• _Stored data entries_
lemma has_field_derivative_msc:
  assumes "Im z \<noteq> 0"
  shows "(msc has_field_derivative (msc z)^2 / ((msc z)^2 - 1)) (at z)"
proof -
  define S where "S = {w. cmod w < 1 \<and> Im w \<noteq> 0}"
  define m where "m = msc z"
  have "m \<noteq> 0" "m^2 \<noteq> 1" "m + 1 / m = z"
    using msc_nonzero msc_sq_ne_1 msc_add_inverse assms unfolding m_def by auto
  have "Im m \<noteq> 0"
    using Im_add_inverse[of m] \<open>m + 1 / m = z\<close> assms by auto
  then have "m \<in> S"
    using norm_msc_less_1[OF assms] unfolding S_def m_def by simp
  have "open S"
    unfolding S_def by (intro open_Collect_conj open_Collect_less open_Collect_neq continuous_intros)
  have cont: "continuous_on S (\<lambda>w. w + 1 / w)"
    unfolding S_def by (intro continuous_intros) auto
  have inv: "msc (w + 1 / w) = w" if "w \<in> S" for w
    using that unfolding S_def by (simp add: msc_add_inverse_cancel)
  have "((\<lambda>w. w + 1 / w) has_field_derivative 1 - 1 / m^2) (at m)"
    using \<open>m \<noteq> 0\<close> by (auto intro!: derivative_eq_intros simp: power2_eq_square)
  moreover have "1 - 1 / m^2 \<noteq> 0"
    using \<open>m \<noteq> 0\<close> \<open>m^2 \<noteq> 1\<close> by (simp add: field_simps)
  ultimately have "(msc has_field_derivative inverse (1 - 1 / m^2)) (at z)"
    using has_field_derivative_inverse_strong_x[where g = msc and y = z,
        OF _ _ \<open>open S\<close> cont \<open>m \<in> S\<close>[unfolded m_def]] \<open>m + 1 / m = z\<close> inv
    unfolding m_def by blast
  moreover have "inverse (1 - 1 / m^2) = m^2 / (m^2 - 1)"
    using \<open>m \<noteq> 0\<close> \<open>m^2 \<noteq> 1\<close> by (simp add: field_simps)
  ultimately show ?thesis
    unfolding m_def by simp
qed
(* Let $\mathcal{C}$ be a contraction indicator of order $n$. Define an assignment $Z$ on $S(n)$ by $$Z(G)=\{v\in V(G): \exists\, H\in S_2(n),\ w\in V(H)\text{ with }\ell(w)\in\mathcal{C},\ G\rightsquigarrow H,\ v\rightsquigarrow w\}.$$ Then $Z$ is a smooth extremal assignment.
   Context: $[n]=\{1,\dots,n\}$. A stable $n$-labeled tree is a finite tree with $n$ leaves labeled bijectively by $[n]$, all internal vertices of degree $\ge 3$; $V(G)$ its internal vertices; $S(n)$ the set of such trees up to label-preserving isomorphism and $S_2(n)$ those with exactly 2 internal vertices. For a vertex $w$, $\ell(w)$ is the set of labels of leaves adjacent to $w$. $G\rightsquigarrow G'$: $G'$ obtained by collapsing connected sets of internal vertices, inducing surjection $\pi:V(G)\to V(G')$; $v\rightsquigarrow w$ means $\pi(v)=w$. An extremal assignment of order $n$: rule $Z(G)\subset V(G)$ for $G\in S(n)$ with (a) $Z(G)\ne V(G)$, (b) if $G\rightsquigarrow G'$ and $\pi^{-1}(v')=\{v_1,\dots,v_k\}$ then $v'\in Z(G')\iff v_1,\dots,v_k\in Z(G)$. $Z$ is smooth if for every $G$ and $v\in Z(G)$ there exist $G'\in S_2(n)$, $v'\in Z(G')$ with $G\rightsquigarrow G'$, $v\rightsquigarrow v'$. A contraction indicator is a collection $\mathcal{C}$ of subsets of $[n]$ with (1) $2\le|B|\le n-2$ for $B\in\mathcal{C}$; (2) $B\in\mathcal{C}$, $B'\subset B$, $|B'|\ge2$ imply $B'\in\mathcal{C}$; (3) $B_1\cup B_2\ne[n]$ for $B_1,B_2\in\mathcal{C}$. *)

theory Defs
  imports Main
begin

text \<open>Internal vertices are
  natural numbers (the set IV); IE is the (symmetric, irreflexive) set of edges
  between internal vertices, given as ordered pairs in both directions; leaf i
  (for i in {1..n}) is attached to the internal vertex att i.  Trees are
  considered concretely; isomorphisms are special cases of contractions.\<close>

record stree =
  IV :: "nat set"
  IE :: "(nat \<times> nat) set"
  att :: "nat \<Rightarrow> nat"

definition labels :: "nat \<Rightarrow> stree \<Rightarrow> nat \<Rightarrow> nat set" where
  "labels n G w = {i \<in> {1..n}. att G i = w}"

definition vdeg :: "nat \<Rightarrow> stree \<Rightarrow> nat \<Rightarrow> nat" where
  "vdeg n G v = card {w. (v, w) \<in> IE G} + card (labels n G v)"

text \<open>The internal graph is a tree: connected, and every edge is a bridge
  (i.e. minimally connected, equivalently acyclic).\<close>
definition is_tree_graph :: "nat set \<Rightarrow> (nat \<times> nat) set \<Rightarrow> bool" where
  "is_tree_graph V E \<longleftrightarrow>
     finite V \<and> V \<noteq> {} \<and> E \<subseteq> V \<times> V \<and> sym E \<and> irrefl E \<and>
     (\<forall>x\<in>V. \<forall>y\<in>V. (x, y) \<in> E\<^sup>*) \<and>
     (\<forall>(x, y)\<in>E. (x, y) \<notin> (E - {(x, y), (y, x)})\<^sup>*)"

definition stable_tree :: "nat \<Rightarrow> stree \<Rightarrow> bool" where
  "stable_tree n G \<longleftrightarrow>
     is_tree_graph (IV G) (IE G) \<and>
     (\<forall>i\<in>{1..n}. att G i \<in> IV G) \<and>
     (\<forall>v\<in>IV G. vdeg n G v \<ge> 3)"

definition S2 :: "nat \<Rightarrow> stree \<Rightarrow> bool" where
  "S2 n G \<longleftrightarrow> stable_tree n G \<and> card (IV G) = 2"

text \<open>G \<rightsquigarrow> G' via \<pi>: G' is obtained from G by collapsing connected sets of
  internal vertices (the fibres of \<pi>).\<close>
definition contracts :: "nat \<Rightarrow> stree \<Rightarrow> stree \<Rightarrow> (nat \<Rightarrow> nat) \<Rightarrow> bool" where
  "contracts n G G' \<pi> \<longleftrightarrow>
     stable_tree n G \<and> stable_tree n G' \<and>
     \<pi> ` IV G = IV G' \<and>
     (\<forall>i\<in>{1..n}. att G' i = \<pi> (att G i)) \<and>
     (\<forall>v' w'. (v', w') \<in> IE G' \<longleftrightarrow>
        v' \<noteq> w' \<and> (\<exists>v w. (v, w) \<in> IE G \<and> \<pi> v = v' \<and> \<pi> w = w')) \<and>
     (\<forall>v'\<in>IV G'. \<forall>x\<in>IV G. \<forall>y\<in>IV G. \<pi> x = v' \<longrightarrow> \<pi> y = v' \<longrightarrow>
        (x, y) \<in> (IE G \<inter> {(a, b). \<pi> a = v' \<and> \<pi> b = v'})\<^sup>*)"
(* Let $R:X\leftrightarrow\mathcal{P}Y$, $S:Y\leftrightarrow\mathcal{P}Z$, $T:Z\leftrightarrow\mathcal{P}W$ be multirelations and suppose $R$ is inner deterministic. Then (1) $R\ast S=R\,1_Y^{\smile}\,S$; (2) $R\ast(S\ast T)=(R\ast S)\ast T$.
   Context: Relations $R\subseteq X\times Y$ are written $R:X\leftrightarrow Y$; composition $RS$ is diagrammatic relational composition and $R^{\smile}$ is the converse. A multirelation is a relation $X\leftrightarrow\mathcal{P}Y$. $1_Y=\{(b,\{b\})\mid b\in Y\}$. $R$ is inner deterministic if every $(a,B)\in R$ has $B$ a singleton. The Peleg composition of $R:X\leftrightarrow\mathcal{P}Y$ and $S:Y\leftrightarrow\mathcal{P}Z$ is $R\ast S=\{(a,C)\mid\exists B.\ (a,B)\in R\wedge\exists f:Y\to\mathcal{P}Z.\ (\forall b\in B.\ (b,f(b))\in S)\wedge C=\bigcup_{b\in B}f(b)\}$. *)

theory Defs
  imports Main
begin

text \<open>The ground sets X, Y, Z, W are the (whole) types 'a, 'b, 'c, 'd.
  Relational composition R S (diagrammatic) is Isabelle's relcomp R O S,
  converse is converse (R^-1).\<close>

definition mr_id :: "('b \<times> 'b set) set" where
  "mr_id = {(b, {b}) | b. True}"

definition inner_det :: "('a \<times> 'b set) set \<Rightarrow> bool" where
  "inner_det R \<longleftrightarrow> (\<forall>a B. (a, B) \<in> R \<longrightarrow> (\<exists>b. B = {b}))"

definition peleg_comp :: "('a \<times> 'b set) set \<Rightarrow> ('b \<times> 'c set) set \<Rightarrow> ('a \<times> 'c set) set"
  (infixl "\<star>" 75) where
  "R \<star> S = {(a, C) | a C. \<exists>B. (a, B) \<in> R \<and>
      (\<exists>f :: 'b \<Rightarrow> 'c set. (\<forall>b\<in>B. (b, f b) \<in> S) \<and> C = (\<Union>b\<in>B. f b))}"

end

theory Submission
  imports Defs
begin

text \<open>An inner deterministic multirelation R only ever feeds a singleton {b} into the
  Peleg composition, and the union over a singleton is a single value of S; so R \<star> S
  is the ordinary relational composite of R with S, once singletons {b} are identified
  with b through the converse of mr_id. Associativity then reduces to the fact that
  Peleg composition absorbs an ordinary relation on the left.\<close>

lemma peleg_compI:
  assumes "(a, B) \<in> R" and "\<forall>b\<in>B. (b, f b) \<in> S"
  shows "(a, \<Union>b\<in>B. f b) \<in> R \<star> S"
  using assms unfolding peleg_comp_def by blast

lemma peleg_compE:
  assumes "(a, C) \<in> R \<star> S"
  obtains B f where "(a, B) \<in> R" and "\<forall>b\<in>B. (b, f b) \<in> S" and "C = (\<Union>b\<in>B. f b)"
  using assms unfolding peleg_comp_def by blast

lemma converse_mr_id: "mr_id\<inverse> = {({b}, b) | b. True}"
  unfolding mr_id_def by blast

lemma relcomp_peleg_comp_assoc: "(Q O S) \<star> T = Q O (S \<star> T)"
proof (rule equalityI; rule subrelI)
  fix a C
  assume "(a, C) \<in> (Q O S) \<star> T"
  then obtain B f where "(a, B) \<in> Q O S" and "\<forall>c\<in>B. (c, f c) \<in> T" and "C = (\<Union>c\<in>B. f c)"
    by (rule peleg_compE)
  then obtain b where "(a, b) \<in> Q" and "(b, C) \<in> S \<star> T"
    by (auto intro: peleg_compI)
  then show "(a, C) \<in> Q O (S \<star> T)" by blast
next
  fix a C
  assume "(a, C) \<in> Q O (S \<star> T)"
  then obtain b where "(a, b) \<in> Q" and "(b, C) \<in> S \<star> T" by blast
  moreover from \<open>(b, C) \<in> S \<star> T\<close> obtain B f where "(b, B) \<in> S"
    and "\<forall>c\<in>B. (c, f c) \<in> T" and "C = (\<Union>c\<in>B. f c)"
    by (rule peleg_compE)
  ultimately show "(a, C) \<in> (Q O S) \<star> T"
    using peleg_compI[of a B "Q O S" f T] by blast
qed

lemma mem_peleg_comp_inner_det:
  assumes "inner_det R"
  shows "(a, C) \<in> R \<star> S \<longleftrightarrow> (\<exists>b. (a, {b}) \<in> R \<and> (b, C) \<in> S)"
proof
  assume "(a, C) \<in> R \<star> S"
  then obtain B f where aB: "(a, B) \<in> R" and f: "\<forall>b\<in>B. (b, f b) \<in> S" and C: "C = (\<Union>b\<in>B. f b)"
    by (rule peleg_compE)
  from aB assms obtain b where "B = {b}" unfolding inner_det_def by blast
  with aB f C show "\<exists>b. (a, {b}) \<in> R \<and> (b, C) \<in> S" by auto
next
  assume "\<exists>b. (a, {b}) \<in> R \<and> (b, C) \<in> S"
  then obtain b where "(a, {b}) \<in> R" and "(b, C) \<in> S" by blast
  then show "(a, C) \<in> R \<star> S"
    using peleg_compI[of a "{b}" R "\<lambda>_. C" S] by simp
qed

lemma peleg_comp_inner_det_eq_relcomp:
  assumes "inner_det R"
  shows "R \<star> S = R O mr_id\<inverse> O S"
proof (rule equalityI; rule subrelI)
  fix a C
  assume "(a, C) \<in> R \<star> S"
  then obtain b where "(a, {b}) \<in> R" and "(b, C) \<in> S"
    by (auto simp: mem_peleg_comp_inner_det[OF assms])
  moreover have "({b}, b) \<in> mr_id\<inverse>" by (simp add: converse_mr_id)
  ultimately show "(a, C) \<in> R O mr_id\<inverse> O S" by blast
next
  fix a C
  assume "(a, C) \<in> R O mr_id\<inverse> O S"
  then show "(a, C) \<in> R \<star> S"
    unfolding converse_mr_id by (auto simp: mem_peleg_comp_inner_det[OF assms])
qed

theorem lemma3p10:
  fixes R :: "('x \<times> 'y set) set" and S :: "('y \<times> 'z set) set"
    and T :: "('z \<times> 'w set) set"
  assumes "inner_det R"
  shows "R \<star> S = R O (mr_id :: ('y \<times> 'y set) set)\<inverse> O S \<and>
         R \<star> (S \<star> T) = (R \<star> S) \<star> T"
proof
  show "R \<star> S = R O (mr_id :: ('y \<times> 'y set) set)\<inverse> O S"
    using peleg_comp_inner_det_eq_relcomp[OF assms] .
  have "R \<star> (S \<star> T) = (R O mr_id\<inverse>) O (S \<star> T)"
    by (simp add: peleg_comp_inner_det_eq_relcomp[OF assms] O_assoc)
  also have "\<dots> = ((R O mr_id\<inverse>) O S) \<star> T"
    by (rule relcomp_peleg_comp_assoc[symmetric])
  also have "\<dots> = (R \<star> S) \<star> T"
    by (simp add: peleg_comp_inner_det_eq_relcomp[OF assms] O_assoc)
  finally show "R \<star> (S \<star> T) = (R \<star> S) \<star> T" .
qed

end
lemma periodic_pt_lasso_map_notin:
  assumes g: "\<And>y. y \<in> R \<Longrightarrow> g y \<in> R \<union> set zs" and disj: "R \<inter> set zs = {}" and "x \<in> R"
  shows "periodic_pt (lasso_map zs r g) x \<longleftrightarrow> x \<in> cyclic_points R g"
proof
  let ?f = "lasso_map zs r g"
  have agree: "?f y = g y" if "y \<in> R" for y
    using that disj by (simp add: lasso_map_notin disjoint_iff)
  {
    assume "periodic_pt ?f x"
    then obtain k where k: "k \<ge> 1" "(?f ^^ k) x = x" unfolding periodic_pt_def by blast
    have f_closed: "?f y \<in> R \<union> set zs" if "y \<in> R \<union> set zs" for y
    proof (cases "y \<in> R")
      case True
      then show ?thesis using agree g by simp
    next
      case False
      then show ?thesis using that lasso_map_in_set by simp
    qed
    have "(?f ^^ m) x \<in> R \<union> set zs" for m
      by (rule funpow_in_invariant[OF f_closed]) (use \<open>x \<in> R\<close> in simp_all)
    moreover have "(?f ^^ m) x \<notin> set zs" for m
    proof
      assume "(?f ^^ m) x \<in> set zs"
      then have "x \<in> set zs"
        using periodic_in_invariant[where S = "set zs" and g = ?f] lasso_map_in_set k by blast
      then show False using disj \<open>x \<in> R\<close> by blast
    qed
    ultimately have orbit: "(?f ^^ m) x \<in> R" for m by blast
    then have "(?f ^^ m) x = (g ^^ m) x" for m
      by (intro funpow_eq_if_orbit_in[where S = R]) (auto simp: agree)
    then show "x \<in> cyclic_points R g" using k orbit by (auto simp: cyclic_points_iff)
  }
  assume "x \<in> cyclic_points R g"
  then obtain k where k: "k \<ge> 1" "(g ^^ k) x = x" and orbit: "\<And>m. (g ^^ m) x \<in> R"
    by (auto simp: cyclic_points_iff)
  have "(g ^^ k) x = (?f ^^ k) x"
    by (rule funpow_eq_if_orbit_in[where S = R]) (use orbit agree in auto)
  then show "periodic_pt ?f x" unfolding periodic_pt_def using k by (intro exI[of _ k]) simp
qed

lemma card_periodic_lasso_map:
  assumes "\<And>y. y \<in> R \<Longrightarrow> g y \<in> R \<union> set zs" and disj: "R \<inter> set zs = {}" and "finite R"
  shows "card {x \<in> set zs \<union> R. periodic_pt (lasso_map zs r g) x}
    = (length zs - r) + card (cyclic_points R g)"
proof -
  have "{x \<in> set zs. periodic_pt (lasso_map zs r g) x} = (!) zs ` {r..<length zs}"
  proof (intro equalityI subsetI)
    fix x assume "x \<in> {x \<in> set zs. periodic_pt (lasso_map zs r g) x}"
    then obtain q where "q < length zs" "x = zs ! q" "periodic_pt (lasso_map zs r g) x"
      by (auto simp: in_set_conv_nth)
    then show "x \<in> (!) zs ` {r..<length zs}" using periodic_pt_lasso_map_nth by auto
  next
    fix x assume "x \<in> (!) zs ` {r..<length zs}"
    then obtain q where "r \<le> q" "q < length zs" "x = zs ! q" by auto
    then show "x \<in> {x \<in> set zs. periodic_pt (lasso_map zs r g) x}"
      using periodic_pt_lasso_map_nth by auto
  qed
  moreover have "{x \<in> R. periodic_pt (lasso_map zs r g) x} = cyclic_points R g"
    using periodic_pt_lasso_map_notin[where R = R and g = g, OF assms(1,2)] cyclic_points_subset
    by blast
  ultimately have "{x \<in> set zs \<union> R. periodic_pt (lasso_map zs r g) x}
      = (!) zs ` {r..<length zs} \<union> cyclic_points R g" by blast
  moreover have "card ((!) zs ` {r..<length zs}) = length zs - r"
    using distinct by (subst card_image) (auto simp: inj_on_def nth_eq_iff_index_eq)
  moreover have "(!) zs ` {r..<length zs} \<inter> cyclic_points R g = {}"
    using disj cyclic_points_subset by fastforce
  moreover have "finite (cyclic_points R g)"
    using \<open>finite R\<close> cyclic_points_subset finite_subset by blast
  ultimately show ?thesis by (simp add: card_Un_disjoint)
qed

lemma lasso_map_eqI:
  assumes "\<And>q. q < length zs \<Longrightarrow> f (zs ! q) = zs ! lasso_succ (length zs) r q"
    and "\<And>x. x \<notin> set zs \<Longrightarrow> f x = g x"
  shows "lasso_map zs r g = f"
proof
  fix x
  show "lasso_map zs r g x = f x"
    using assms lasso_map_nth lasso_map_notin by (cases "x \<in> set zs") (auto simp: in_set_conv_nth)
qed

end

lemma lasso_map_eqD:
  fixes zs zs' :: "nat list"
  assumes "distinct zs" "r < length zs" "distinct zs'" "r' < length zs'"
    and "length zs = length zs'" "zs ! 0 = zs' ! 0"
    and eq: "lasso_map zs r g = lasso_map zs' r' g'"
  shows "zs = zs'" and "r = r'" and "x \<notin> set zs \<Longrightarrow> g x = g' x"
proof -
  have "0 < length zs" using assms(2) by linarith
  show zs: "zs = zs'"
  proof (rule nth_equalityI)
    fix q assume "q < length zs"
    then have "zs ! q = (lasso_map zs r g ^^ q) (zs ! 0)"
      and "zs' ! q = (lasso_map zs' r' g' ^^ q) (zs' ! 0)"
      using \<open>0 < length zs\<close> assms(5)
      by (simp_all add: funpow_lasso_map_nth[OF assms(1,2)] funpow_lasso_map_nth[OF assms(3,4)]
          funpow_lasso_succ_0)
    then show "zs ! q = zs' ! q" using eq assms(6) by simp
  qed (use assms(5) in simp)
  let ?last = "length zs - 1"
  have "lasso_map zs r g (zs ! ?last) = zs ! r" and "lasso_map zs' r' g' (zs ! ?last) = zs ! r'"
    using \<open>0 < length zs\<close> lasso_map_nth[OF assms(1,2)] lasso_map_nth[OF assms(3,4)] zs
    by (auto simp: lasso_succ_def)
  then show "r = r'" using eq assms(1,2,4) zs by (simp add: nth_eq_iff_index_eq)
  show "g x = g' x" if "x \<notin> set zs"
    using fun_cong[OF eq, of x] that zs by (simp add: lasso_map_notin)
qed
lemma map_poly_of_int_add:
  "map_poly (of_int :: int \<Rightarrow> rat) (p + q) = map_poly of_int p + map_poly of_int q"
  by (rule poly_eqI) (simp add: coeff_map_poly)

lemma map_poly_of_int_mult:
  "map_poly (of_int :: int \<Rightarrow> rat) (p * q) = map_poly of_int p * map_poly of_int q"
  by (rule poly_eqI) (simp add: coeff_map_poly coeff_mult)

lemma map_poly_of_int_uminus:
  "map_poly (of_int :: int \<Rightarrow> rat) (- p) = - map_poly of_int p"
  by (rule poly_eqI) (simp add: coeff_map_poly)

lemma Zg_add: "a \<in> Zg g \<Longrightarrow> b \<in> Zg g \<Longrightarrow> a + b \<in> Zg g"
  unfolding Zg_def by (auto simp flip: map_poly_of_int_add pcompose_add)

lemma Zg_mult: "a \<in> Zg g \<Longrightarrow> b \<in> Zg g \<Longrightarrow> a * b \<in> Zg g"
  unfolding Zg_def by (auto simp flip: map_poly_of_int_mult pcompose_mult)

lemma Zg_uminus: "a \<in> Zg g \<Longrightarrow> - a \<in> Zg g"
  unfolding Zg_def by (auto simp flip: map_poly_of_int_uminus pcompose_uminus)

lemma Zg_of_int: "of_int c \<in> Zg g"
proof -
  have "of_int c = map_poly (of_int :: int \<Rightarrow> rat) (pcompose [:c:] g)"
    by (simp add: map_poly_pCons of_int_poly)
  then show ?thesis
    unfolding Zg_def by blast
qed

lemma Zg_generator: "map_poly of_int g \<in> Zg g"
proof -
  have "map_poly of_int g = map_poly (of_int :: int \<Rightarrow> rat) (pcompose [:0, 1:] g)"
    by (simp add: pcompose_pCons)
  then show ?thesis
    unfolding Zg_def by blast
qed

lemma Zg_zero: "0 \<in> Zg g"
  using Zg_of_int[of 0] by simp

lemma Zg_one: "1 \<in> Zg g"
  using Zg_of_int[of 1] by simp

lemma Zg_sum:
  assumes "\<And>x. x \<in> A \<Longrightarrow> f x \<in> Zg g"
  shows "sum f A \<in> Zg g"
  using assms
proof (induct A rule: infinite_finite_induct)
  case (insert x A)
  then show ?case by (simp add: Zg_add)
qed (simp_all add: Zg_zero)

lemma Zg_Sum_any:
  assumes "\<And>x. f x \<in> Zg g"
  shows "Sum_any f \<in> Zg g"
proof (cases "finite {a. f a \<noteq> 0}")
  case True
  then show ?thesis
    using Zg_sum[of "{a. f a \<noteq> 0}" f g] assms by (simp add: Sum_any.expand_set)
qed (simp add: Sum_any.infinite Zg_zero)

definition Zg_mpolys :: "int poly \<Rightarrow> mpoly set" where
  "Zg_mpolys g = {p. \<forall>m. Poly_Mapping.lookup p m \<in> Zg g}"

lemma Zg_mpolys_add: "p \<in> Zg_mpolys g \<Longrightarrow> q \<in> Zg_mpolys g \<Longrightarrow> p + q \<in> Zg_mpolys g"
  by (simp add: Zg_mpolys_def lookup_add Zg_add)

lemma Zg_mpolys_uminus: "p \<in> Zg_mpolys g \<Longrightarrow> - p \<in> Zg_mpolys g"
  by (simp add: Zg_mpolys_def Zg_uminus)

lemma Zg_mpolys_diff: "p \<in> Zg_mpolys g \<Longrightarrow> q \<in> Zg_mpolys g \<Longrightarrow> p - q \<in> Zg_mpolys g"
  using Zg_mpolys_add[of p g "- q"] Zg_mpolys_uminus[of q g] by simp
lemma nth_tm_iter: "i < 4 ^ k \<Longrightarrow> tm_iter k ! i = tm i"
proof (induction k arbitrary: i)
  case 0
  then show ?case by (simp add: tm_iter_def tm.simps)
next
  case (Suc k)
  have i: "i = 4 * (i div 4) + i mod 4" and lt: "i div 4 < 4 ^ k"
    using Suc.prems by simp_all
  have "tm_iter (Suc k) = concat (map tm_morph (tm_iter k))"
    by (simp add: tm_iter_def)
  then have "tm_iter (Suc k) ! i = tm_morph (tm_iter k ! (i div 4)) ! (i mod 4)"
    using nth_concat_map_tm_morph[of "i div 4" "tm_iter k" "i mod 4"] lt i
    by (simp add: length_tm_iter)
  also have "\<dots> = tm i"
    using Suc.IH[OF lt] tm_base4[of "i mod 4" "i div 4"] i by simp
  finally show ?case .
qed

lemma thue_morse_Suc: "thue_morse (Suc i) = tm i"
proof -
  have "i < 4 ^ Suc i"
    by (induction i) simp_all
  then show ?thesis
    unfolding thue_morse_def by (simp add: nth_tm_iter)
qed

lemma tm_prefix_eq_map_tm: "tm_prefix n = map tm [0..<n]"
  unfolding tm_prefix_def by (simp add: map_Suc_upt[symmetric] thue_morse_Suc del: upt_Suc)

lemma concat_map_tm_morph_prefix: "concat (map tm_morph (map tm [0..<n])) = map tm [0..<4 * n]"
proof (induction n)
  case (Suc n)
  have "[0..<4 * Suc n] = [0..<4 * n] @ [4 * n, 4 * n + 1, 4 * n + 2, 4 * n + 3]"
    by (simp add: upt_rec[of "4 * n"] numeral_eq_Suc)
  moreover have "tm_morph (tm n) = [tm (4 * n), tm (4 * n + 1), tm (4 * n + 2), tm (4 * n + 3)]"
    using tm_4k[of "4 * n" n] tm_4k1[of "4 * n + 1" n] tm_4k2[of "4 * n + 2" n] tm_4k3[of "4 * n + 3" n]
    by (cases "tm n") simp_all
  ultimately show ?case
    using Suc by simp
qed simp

• _INSTRUCTIONS FOR THE TASK_
Your task is to copy every line of the entries that contains the string "composition".

• _TASK RESPONSE_
   Context: Relations $R\subseteq X\times Y$ are written $R:X\leftrightarrow Y$; composition $RS$ is diagrammatic relational composition and $R^{\smile}$ is the converse. A multirelation is a relation $X\leftrightarrow\mathcal{P}Y$. $1_Y=\{(b,\{b\})\mid b\in Y\}$. $R$ is inner deterministic if every $(a,B)\in R$ has $B$ a singleton. The Peleg composition of $R:X\leftrightarrow\mathcal{P}Y$ and $S:Y\leftrightarrow\mathcal{P}Z$ is $R\ast S=\{(a,C)\mid\exists B.\ (a,B)\in R\wedge\exists f:Y\to\mathcal{P}Z.\ (\forall b\in B.\ (b,f(b))\in S)\wedge C=\bigcup_{b\in B}f(b)\}$. *)
  Relational composition R S (diagrammatic) is Isabelle's relcomp R O S,
  Peleg composition, and the union over a singleton is a single value of S; so R \<star> S
  Peleg composition absorbs an ordinary relation on the left.\<close>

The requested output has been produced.